*Try it*
Only the lines that include "fixes" should be copied from the data below.

*Task material*
lemma borel_measurable_continuous_paths:
  fixes F :: "real \<Rightarrow> 'a \<Rightarrow> 'b::euclidean_space"
  assumes F: "\<And>v. F v \<in> borel_measurable M"
    and cont: "\<And>\<omega> u. \<omega> \<in> space M \<Longrightarrow> continuous_on {s..u} (\<lambda>v. F v \<omega>)"
  shows "(\<lambda>(u, \<omega>). F u \<omega>) \<in> borel_measurable (restrict_space lborel {s..} \<Otimes>\<^sub>M M)"
proof -
  \<comment> \<open>approximate \<open>max u s\<close> from the left by the grid points \<open>s + j / (k + 1)\<close>\<close>
  define q where "q k u = s + \<lfloor>real (Suc k) * (max u s - s)\<rfloor> / real (Suc k)" for k u
  have "(\<lambda>p. F (max (fst p) s) (snd p)) \<in> borel_measurable (lborel \<Otimes>\<^sub>M M)"
  proof (rule borel_measurable_LIMSEQ_metric)
    fix k
    have "(\<lambda>p. F (s + real_of_int j / real (Suc k)) (snd p)) \<in> borel_measurable (lborel \<Otimes>\<^sub>M M)" for j
      using F by measurable
    moreover have "(\<lambda>p. \<lfloor>real (Suc k) * (max (fst p) s - s)\<rfloor>) \<in> measurable (lborel \<Otimes>\<^sub>M M) (count_space UNIV)"
      by measurable
    ultimately show "(\<lambda>p. F (q k (fst p)) (snd p)) \<in> borel_measurable (lborel \<Otimes>\<^sub>M M)"
      unfolding q_def
      by (rule measurable_compose_countable[where f = "\<lambda>j p. F (s + real_of_int j / real (Suc k)) (snd p)"])
  next
    fix p :: "real \<times> 'a" assume "p \<in> space (lborel \<Otimes>\<^sub>M M)"
    then obtain u \<omega> where p: "p = (u, \<omega>)" and \<omega>: "\<omega> \<in> space M"
      by (cases p) (auto simp: space_pair_measure)
    have "s \<le> max u s" by simp
    note grid = floor_grid_tendsto[OF this]
    have "(\<lambda>k. F (q k u) \<omega>) \<longlonglongrightarrow> F (max u s) \<omega>"
      using grid(1) unfolding q_def
    proof (rule continuous_on_tendsto_compose[OF cont[OF \<omega>, of "max u s"]])
      show "\<forall>\<^sub>F k in sequentially. s + \<lfloor>real (Suc k) * (max u s - s)\<rfloor> / real (Suc k) \<in> {s..max u s}"
        using grid(2) by simp
    qed simp
    then show "(\<lambda>k. F (q k (fst p)) (snd p)) \<longlonglongrightarrow> F (max (fst p) s) (snd p)"
      by (simp add: p)
  qed
  moreover have "(\<lambda>p. p) \<in> measurable (restrict_space lborel {s..} \<Otimes>\<^sub>M M) (lborel \<Otimes>\<^sub>M M)"
  proof -
    have "(\<lambda>u. u) \<in> measurable (restrict_space lborel {s..}) lborel"
      by (rule measurable_restrict_space1) simp
    from measurable_compose[OF measurable_fst this]
    have "fst \<in> measurable (restrict_space lborel {s..} \<Otimes>\<^sub>M M) lborel" by simp
    from measurable_Pair[OF this measurable_snd] show ?thesis by simp
  qed
  ultimately have "(\<lambda>p. F (max (fst p) s) (snd p)) \<in> borel_measurable (restrict_space lborel {s..} \<Otimes>\<^sub>M M)"
    by (rule measurable_compose[rotated])
  then show ?thesis
    by (rule measurable_cong[THEN iffD1, rotated])
      (auto simp: space_pair_measure space_restrict_space)
qed

lemma jointly_measurable_version:
  fixes X :: "real \<Rightarrow> 'a \<Rightarrow> 'b::euclidean_space"
  assumes X: "\<And>u. X u \<in> borel_measurable M"
    and cont: "AE \<omega> in M. \<forall>u. continuous_on {s..u} (\<lambda>v. X v \<omega>)"
  obtains X' where "(\<lambda>(u, \<omega>). X' u \<omega>) \<in> borel_measurable (restrict_space lborel {s..} \<Otimes>\<^sub>M M)"
    and "AE \<omega> in M. \<forall>u. X' u \<omega> = X u \<omega>"
proof -
  obtain N where N: "{\<omega> \<in> space M. \<not> (\<forall>u. continuous_on {s..u} (\<lambda>v. X v \<omega>))} \<subseteq> N"
    "N \<in> null_sets M"
    using cont by (auto elim!: AE_E)
  have [measurable]: "N \<in> sets M" using N(2) by (rule null_setsD2)
  define X' where "X' v \<omega> = (if \<omega> \<in> N then 0 else X v \<omega>)" for v \<omega>
  have "(\<lambda>(u, \<omega>). X' u \<omega>) \<in> borel_measurable (restrict_space lborel {s..} \<Otimes>\<^sub>M M)"
  proof (rule borel_measurable_continuous_paths)
    show "X' v \<in> borel_measurable M" for v
      unfolding X'_def using X by measurable
    show "continuous_on {s..u} (\<lambda>v. X' v \<omega>)" if "\<omega> \<in> space M" for \<omega> u
      using N(1) that by (cases "\<omega> \<in> N") (auto simp: X'_def)
  qed
  moreover have "AE \<omega> in M. \<forall>u. X' u \<omega> = X u \<omega>"
    using AE_not_in[OF N(2)] by eventually_elim (simp add: X'_def)
  ultimately show ?thesis by (rule that)
qed

lemma AE_solution_diff_le_nn_integral:
  fixes b :: "real \<Rightarrow> 'd::euclidean_space \<Rightarrow> 'd" and X Xb Y w :: "real \<Rightarrow> 'a \<Rightarrow> 'd"
  assumes "s \<le> t"
    and dissip: "\<And>v x y. (x - y) \<bullet> (b v x - b v y) \<le> - lam * (norm (x - y))\<^sup>2"
    and lip: "\<And>v x y. norm (b v x - b v y) \<le> L * norm (x - y)"
    and b: "continuous_on UNIV (\<lambda>p. b (fst p) (snd p))"
    and Y: "(\<lambda>(u, \<omega>). Y u \<omega>) \<in> borel_measurable (restrict_space lborel {s..} \<Otimes>\<^sub>M M)"
    and w: "AE \<omega> in M. continuous_on {s..} (\<lambda>u. w u \<omega>)"
    and X_sol: "AE \<omega> in M. \<forall>u\<ge>s. (\<lambda>v. b v (X v \<omega>)) integrable_on {s..u} \<and>
      X u \<omega> = x + integral {s..u} (\<lambda>v. b v (X v \<omega>)) + (w u \<omega> - w s \<omega>)"
    and Xb_sol: "AE \<omega> in M. \<forall>u\<ge>s. (\<lambda>v. Y v \<omega>) integrable_on {s..u} \<and>
      Xb u \<omega> = x + integral {s..u} (\<lambda>v. Y v \<omega>) + (w u \<omega> - w s \<omega>)"
  shows "AE \<omega> in M. ennreal (norm (X t \<omega> - Xb t \<omega>))
    \<le> (\<integral>\<^sup>+u\<in>{s..t}. ennreal (exp (- lam * (t - u)) * norm (b u (Xb u \<omega>) - Y u \<omega>)) \<partial>lborel)"
  using w X_sol Xb_sol AE_space
proof eventually_elim
  case (elim \<omega>)
  have "(\<lambda>u. Y u \<omega>) \<in> borel_measurable (restrict_space lborel {s..})"
    using measurable_Pair1[OF Y elim(4)] by simp
  then have "(\<lambda>u. Y u \<omega>) \<in> borel_measurable (restrict_space lborel {s..t})"
    by (rule measurable_restrict_mono) auto
  then show ?case
    using elim \<open>s \<le> t\<close>
    by (intro solution_diff_norm_le_nn_integral[OF \<open>s \<le> t\<close> dissip lip b, where w = "\<lambda>u. w u \<omega>"])
      (auto intro: continuous_on_subset)
qed

lemma Lp_norm_solution_diff_le:
  fixes b :: "real \<Rightarrow> 'd::euclidean_space \<Rightarrow> 'd" and X Xb Y w :: "real \<Rightarrow> 'a \<Rightarrow> 'd"
  assumes M: "finite_measure M" and "s \<le> t" and "1 \<le> n"
    and dissip: "\<And>v x y. (x - y) \<bullet> (b v x - b v y) \<le> - lam * (norm (x - y))\<^sup>2"
    and lip: "\<And>v x y. norm (b v x - b v y) \<le> L * norm (x - y)"
    and b: "continuous_on UNIV (\<lambda>p. b (fst p) (snd p))"
    and X: "X t \<in> borel_measurable M" and Xb: "\<And>u. Xb u \<in> borel_measurable M"
    and Y: "(\<lambda>(u, \<omega>). Y u \<omega>) \<in> borel_measurable (restrict_space lborel {s..} \<Otimes>\<^sub>M M)"
    and w: "AE \<omega> in M. continuous_on {s..} (\<lambda>u. w u \<omega>)"
    and X_sol: "AE \<omega> in M. \<forall>u\<ge>s. (\<lambda>v. b v (X v \<omega>)) integrable_on {s..u} \<and>
      X u \<omega> = x + integral {s..u} (\<lambda>v. b v (X v \<omega>)) + (w u \<omega> - w s \<omega>)"
    and Xb_sol: "AE \<omega> in M. \<forall>u\<ge>s. (\<lambda>v. Y v \<omega>) integrable_on {s..u} \<and>
      Xb u \<omega> = x + integral {s..u} (\<lambda>v. Y v \<omega>) + (w u \<omega> - w s \<omega>)"
  shows "Lp_norm M n (\<lambda>\<omega>. X t \<omega> - Xb t \<omega>)
    \<le> (\<integral>\<^sup>+u\<in>{s..t}. ennreal (exp (- lam * (t - u))) * Lp_norm M n (\<lambda>\<omega>. b u (Xb u \<omega>) - Y u \<omega>) \<partial>lborel)"
proof -
  have "AE \<omega> in M. \<forall>u. continuous_on {s..u} (\<lambda>v. Xb v \<omega>)"
    using w Xb_sol
  proof eventually_elim
    case (elim \<omega>)
    show ?case using continuous_on_integral_equation_ge[OF elim] by blast
  qed
  with Xb obtain Xb' where Xb': "(\<lambda>(u, \<omega>). Xb' u \<omega>) \<in> borel_measurable (restrict_space lborel {s..} \<Otimes>\<^sub>M M)"
    and Xb'_eq: "AE \<omega> in M. \<forall>u. Xb' u \<omega> = Xb u \<omega>"
    by (rule jointly_measurable_version)
  show ?thesis
  proof (rule Minkowski_integral_Icc[OF M _ _ _ _ _ _ _ \<open>1 \<le> n\<close>])
    show "(\<lambda>\<omega>. X t \<omega> - Xb t \<omega>) \<in> borel_measurable M"
      using X Xb by measurable
    show "(\<lambda>\<omega>. b u (Xb u \<omega>) - Y u \<omega>) \<in> borel_measurable M" if "u \<in> {s..t}" for u
    proof -
      have "continuous_on UNIV (\<lambda>x. b (fst (u, x)) (snd (u, x)))"
        by (rule continuous_on_compose2[OF b]) (auto intro!: continuous_intros)
      then have "(\<lambda>\<omega>. b u (Xb u \<omega>)) \<in> borel_measurable M"
        by (intro measurable_compose[OF Xb] borel_measurable_continuous_onI) simp
      moreover have "Y u \<in> borel_measurable M"
        using measurable_Pair2[OF Y] that by (simp add: space_restrict_space)
      ultimately show ?thesis by measurable
    qed
    have "fst \<in> borel_measurable (restrict_space lborel {s..} \<Otimes>\<^sub>M M)"
      by (intro measurable_compose[OF measurable_fst] measurable_restrict_space1) simp
    then have "(\<lambda>p. b (fst p) (Xb' (fst p) (snd p))) \<in> borel_measurable (restrict_space lborel {s..} \<Otimes>\<^sub>M M)"
      using Xb' unfolding case_prod_beta' by (rule borel_measurable_continuous_Pair[OF _ _ b])
    then show "(\<lambda>(u, \<omega>). b u (Xb' u \<omega>) - Y u \<omega>) \<in> borel_measurable (restrict_space lborel {s..} \<Otimes>\<^sub>M M)"
      using Y unfolding case_prod_beta' by measurable
    show "AE \<omega> in M. \<forall>u\<in>{s..t}. b u (Xb' u \<omega>) - Y u \<omega> = b u (Xb u \<omega>) - Y u \<omega>"
      using Xb'_eq by eventually_elim simp
    show "(\<lambda>u. exp (- lam * (t - u))) \<in> borel_measurable borel"
      by measurable
  qed (use AE_solution_diff_le_nn_integral[OF \<open>s \<le> t\<close> dissip lip b Y w X_sol Xb_sol] in auto)
qed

*Solution*
  fixes F :: "real \<Rightarrow> 'a \<Rightarrow> 'b::euclidean_space"
  fixes X :: "real \<Rightarrow> 'a \<Rightarrow> 'b::euclidean_space"
  fixes b :: "real \<Rightarrow> 'd::euclidean_space \<Rightarrow> 'd" and X Xb Y w :: "real \<Rightarrow> 'a \<Rightarrow> 'd"
  fixes b :: "real \<Rightarrow> 'd::euclidean_space \<Rightarrow> 'd" and X Xb Y w :: "real \<Rightarrow> 'a \<Rightarrow> 'd"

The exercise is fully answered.